Laut der Soundkarte,kann ich Stereo einstellen und 5.1 Sound.

Tja,wie stelle ich das jetzt am Notebook so ein das ich wie gewohnt getrennt hören kann.Also, Musik auf Master und desweiteren die Titel in Kopfhörer bei mischen-abhören.

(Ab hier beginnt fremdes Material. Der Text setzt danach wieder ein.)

(* Let $\mathcal H$ be a cycle-reset SHS. Then $\mathcal T_{\mathcal H}$ is decisive with respect to every measurable set $B\in\Sigma_{\mathcal H}$.
   Context: Stochastic hybrid system (SHS) with $n$ variables: a finite set $L$ of locations; a finite set $E$ of edges $e=(\ell,a,\ell')$; for each $\ell$ an invariant $\mathrm{Inv}(\ell)\subseteq\mathbb R^n$ and a flow $\gamma_\ell:\mathbb R^n\times\mathbb R^+\to\mathbb R^n$; for each edge $e$ a guard $\mathcal G(e)\subseteq\mathbb R^n$ and a reset map $\mathbf v\mapsto\mathcal R_e(\mathbf v)\subseteq\mathbb R^n$. States $S_{\mathcal H}=L\times\mathbb R^n$ with $\sigma$-algebra $\Sigma_{\mathcal H}$ (product of discrete and Borel); $s+\tau=(\ell,\gamma_\ell(\mathbf v,\tau))$ for $s=(\ell,\mathbf v)$; $e$ enabled in $(\ell,\mathbf v)$ if $\mathbf v\in\mathcal G(e)$. $I(s)$ is the set of $\tau\ge0$ such that the trajectory stays in $\mathrm{Inv}(\ell)$ on $[0,\tau]$ and some edge is enabled at $s+\tau$ (assumed nonempty). Probabilistic data: delay distributions $\mu_s$ on $\mathbb R^+$ with $\mu_s(I(s))=1$; edge distributions $w_{s'}$ giving positive probability exactly to edges enabled in $s'$; reset distributions $\eta_e(\mathbf v)$ with $\eta_e(\mathbf v)(\mathcal R_e(\mathbf v))=1$. The STS $\mathcal T_{\mathcal H}$ has kernel $\kappa((\ell,\mathbf v),\{\ell'\}\times D)=\int\sum_{e=(\ell,a,\ell')}w_{s+\tau}(e)\,\eta_e(\gamma_\ell(\mathbf v,\tau))(D)\,d\mu_s(\tau)$. An edge $e$ is strongly reset if $\eta_e(\mathbf v)$ does not depend on $\mathbf v$; its common value is denoted $\eta^*_e$. $\mathcal H$ is cycle-reset if every cycle of the directed graph on $L$ with an arc $\ell\to\ell'$ whenever some edge $(\ell,a,\ell')\in E$ exists contains an arc $\ell\to\ell'$ such that all edges from $\ell$ to $\ell'$ are strongly reset. STS notions: $\mathbb P^{\mathcal T}_\mu$ induced probability on runs; $\widetilde B=\{s:\mathbb P_{\delta_s}(\mathbf F B)=0\}$; $\mathcal T$ is decisive w.r.t. $B$ if $\mathbb P^{\mathcal T}_\mu(\mathbf F B\vee\mathbf F\widetilde B)=1$ for every initial distribution $\mu$. *)

theory Defs
  imports "HOL-Probability.Probability"
begin

text \<open>An STS is given by a measurable state space M and a Markov kernel K.
  cyl_prob K A m s is the probability, starting in s, that the first m+1 states
  of the run lie in A 0, ..., A m (finite-dimensional distributions).\<close>

fun cyl_prob :: "('s \<Rightarrow> 's measure) \<Rightarrow> (nat \<Rightarrow> 's set) \<Rightarrow> nat \<Rightarrow> 's \<Rightarrow> ennreal" where
  "cyl_prob K A 0 s = indicator (A 0) s"
| "cyl_prob K A (Suc m) s =
     indicator (A 0) s * (\<integral>\<^sup>+ t. cyl_prob K (\<lambda>i. A (Suc i)) m t \<partial>(K s))"

definition is_run_measure ::
  "'s measure \<Rightarrow> ('s \<Rightarrow> 's measure) \<Rightarrow> 's measure \<Rightarrow> 's stream measure \<Rightarrow> bool" where
  "is_run_measure M K \<mu> P \<longleftrightarrow>
     sets P = sets (stream_space M) \<and> prob_space P \<and>
     (\<forall>A m. (\<forall>i. A i \<in> sets M) \<longrightarrow>
        emeasure P {\<omega> \<in> space (stream_space M). \<forall>i\<le>m. \<omega> !! i \<in> A i}
          = (\<integral>\<^sup>+ s. cyl_prob K A m s \<partial>\<mu>))"

definition ev_set :: "'s measure \<Rightarrow> 's set \<Rightarrow> 's stream set" where
  "ev_set M B = {\<omega> \<in> space (stream_space M). \<exists>i. \<omega> !! i \<in> B}"

definition avoid_set :: "'s measure \<Rightarrow> ('s \<Rightarrow> 's measure) \<Rightarrow> 's set \<Rightarrow> 's set" where
  "avoid_set M K B = {s \<in> space M. \<forall>P. is_run_measure M K (return M s) P \<longrightarrow>
                        emeasure P (ev_set M B) = 0}"

definition decisive :: "'s measure \<Rightarrow> ('s \<Rightarrow> 's measure) \<Rightarrow> 's set \<Rightarrow> bool" where
  "decisive M K B \<longleftrightarrow>
     (\<forall>\<mu> P. prob_space \<mu> \<and> sets \<mu> = sets M \<and> is_run_measure M K \<mu> P \<longrightarrow>
        emeasure P (ev_set M B \<union> ev_set M (avoid_set M K B)) = 1)"

text \<open>Locations: a finite type 'l; variables: real ^ 'n; edges (l, a, l').\<close>

definition src :: "'l \<times> 'a \<times> 'l \<Rightarrow> 'l" where "src e = fst e"
definition tgt :: "'l \<times> 'a \<times> 'l \<Rightarrow> 'l" where "tgt e = snd (snd e)"

definition shs_space :: "('l \<times> (real ^ 'n)) measure" where
  "shs_space = count_space UNIV \<Otimes>\<^sub>M borel"

definition shift :: "('l \<Rightarrow> real ^ 'n \<Rightarrow> real \<Rightarrow> real ^ 'n) \<Rightarrow> 'l \<times> (real ^ 'n) \<Rightarrow> real
                       \<Rightarrow> 'l \<times> (real ^ 'n)" where
  "shift \<gamma> s \<tau> = (fst s, \<gamma> (fst s) (snd s) \<tau>)"

definition enabled :: "('l \<times> 'a \<times> 'l \<Rightarrow> (real ^ 'n) set) \<Rightarrow> 'l \<times> 'a \<times> 'l
                        \<Rightarrow> 'l \<times> (real ^ 'n) \<Rightarrow> bool" where
  "enabled G e s \<longleftrightarrow> src e = fst s \<and> snd s \<in> G e"

definition delay_set ::
  "('l \<times> 'a \<times> 'l) set \<Rightarrow> ('l \<Rightarrow> (real ^ 'n) set) \<Rightarrow> ('l \<Rightarrow> real ^ 'n \<Rightarrow> real \<Rightarrow> real ^ 'n)
    \<Rightarrow> ('l \<times> 'a \<times> 'l \<Rightarrow> (real ^ 'n) set) \<Rightarrow> 'l \<times> (real ^ 'n) \<Rightarrow> real set" where
  "delay_set E Inv \<gamma> G s = {\<tau>. 0 \<le> \<tau> \<and> (\<forall>t\<in>{0..\<tau>}. \<gamma> (fst s) (snd s) t \<in> Inv (fst s)) \<and>
                                 (\<exists>e\<in>E. enabled G e (shift \<gamma> s \<tau>))}"

definition strongly_reset :: "('l \<times> 'a \<times> 'l \<Rightarrow> real ^ 'n \<Rightarrow> (real ^ 'n) measure)
                               \<Rightarrow> 'l \<times> 'a \<times> 'l \<Rightarrow> bool" where
  "strongly_reset \<eta> e \<longleftrightarrow> (\<forall>v v'. \<eta> e v = \<eta> e v')"

definition loc_arc :: "('l \<times> 'a \<times> 'l) set \<Rightarrow> 'l \<Rightarrow> 'l \<Rightarrow> bool" where
  "loc_arc E l l' \<longleftrightarrow> (\<exists>a. (l, a, l') \<in> E)"

text \<open>A cycle of the location graph, given as the list of its vertices l_0, ..., l_k
  with l_0 = l_k, k >= 1, and an arc between consecutive vertices.\<close>
definition loc_cycle :: "('l \<times> 'a \<times> 'l) set \<Rightarrow> 'l list \<Rightarrow> bool" where
  "loc_cycle E xs \<longleftrightarrow> 2 \<le> length xs \<and> hd xs = last xs \<and>
      (\<forall>i. Suc i < length xs \<longrightarrow> loc_arc E (xs ! i) (xs ! Suc i))"

definition cycle_reset :: "('l \<times> 'a \<times> 'l) set \<Rightarrow> ('l \<times> 'a \<times> 'l \<Rightarrow> real ^ 'n \<Rightarrow> (real ^ 'n) measure)
                            \<Rightarrow> bool" where
  "cycle_reset E \<eta> \<longleftrightarrow> (\<forall>xs. loc_cycle E xs \<longrightarrow>
      (\<exists>i. Suc i < length xs \<and>
           (\<forall>a. (xs ! i, a, xs ! Suc i) \<in> E \<longrightarrow> strongly_reset \<eta> (xs ! i, a, xs ! Suc i))))"

text \<open>The well-formedness conditions of an SHS with its probabilistic data, and the
  statement that K is the kernel of the induced STS T_H.\<close>
definition is_shs_sts ::
  "('l \<times> 'a \<times> 'l) set \<Rightarrow> ('l \<Rightarrow> (real ^ 'n) set) \<Rightarrow> ('l \<Rightarrow> real ^ 'n \<Rightarrow> real \<Rightarrow> real ^ 'n)
    \<Rightarrow> ('l \<times> 'a \<times> 'l \<Rightarrow> (real ^ 'n) set) \<Rightarrow> ('l \<times> 'a \<times> 'l \<Rightarrow> real ^ 'n \<Rightarrow> (real ^ 'n) set)
    \<Rightarrow> ('l \<times> (real ^ 'n) \<Rightarrow> real measure) \<Rightarrow> ('l \<times> (real ^ 'n) \<Rightarrow> ('l \<times> 'a \<times> 'l) pmf)
    \<Rightarrow> ('l \<times> 'a \<times> 'l \<Rightarrow> real ^ 'n \<Rightarrow> (real ^ 'n) measure)
    \<Rightarrow> ('l \<times> (real ^ 'n) \<Rightarrow> ('l \<times> (real ^ 'n)) measure) \<Rightarrow> bool" where
  "is_shs_sts E Inv \<gamma> G R \<mu> w \<eta> K \<longleftrightarrow>
     finite E \<and>
     (\<forall>s. delay_set E Inv \<gamma> G s \<noteq> {}) \<and>
     (\<forall>s. prob_space (\<mu> s) \<and> sets (\<mu> s) = sets borel \<and>
          (AE \<tau> in \<mu> s. \<tau> \<in> delay_set E Inv \<gamma> G s)) \<and>
     (\<forall>s. (\<exists>e\<in>E. enabled G e s) \<longrightarrow> set_pmf (w s) = {e \<in> E. enabled G e s}) \<and>
     (\<forall>e v. prob_space (\<eta> e v) \<and> sets (\<eta> e v) = sets borel \<and>
            (AE x in \<eta> e v. x \<in> R e v)) \<and>
     K \<in> shs_space \<rightarrow>\<^sub>M prob_algebra shs_space \<and>
     (\<forall>s l' D. D \<in> sets borel \<longrightarrow>
        emeasure (K s) ({l'} \<times> D) =
          (\<integral>\<^sup>+ \<tau>. ennreal (\<Sum>e\<in>{e \<in> E. src e = fst s \<and> tgt e = l'}.
               pmf (w (shift \<gamma> s \<tau>)) e * measure (\<eta> e (\<gamma> (fst s) (snd s) \<tau>)) D) \<partial>(\<mu> s)))"

end

theory Submission
  imports Defs
begin

text \<open>
  Let \<open>U\<close> be the set of states lying neither in \<open>B\<close> nor in \<open>B\<^sup>~\<close>, and \<open>h s\<close> the probability of
  staying in \<open>U\<close> forever from \<open>s\<close>; decisiveness means \<open>h = 0\<close>. The function \<open>h\<close> is bounded by
  \<open>1\<close> and subharmonic, \<open>h \<le> \<kappa> h\<close>. Since every cycle of the location graph contains a strongly
  reset arc, the arcs that are not strongly reset form an acyclic graph, and induction along it
  shows \<open>h \<le> H\<close>, where \<open>H\<close> is the largest of the averages \<open>\<integral> h d\<eta>\<^sup>*\<^sub>e\<close> over strongly reset edges
  \<open>e\<close>: a transition either follows a strongly reset edge, after which the average of \<open>h\<close> is at
  most \<open>H\<close>, or moves to a location already treated. Iterating \<open>h \<le> \<kappa> h\<close> then gives
  \<open>h \<le> H \<cdot> P(\<not>B for m steps)\<close>. If \<open>H = \<integral> h d\<eta>\<^sup>*\<^sub>e\<close> were positive, then either \<open>\<eta>\<^sup>*\<^sub>e\<close> gives positive
  weight to states that reach \<open>B\<close>, so that \<open>\<integral> P(\<not>B for m steps) d\<eta>\<^sup>*\<^sub>e < 1\<close> for some \<open>m\<close> and
  \<open>H < H\<close>, or \<open>\<eta>\<^sup>*\<^sub>e\<close> is concentrated on \<open>B\<^sup>~\<close>, where \<open>h\<close> vanishes, so that \<open>H = 0\<close>.
\<close>

section \<open>Lower integrals of non-measurable functions\<close>

text \<open>The kernel of \<open>\<T>\<^sub>\<H>\<close> is only given on rectangles, by an integral over delays whose
  integrand need not be measurable; for such integrands \<open>nn_integral\<close> is the lower integral,
  which is superadditive and positively homogeneous.\<close>

lemma nn_integral_add_ge:
  "integral\<^sup>N N f + integral\<^sup>N N g \<le> (\<integral>\<^sup>+x. f x + g x \<partial>N)"
proof -
  let ?A = "{a. simple_function N a \<and> a \<le> f}" and ?B = "{b. simple_function N b \<and> b \<le> g}"
  have "?A \<noteq> {}" "?B \<noteq> {}" by (auto intro!: exI[of _ "\<lambda>_. 0"] simp: le_fun_def)
  have "integral\<^sup>N N f + integral\<^sup>N N g = (SUP a\<in>?A. integral\<^sup>S N a + integral\<^sup>N N g)"
    unfolding nn_integral_def[of N f] by (rule ennreal_SUP_add_left[symmetric]) fact
  also have "\<dots> = (SUP a\<in>?A. SUP b\<in>?B. integral\<^sup>S N a + integral\<^sup>S N b)"
    unfolding nn_integral_def[of N g] using \<open>?B \<noteq> {}\<close> by (simp add: ennreal_SUP_add_right)
  also have "\<dots> \<le> (\<integral>\<^sup>+x. f x + g x \<partial>N)"
  proof (intro SUP_least)
    fix a b assume "a \<in> ?A" "b \<in> ?B"
    then have "integral\<^sup>S N a + integral\<^sup>S N b = (\<integral>\<^sup>Sx. a x + b x \<partial>N)"
      by (intro simple_integral_add[symmetric]) auto
    also have "\<dots> \<le> (\<integral>\<^sup>+x. f x + g x \<partial>N)"
      unfolding nn_integral_def using \<open>a \<in> ?A\<close> \<open>b \<in> ?B\<close>
      by (intro SUP_upper) (auto simp: le_fun_def intro: add_mono)
    finally show "integral\<^sup>S N a + integral\<^sup>S N b \<le> (\<integral>\<^sup>+x. f x + g x \<partial>N)" .
  qed
  finally show ?thesis .
qed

Meine Anlage schließe ich wie gewohnt über Klinkerstecker an genauso der Kopfhörer.


Hier die Daten:

Anschlüsse:
3 x USB
1 x HDMI Out
1 x VGA Out
Audio:
1 x Mikrofon In
1 x Line In
1 x Line Out
1 x S/P-DIF Out
6-Kanal Audio Out (analog + S/P-DIF)
Realtek Soundkarte


Gruß


----------



## sight011 (21. Dezember 2008)

Kannst du nicht über den Line Out das Signal zur Anlage durchschleifen? Würde ich mal Tippen, dass das geht. Ein Versuch wäre es wert


----------



## bokay (21. Dezember 2008)

Du brauchst mindestens zwei (eigentlich4 da stereo) physikalische Ausgänge die der Treiber seperat ansprechen kann. Du schreibst von 6 analogen Ausgängen. Wenn diese in den Treibereinstellungen nicht zu finden sind hast du dich wohl vertan...
Wenn du noch ein paar €uro übrig hast würde ich dir ein externes Interface mit genügend Ein und Ausgängen und ASIO Unterstützung nahe legen


----------



## sabby (23. Dezember 2008)

Hat sich erledigt :


Habe den asio4all treiber geladen und ab da gab es dann keine Probleme mehr mit den Einstellungen

Trotz allem danke


----------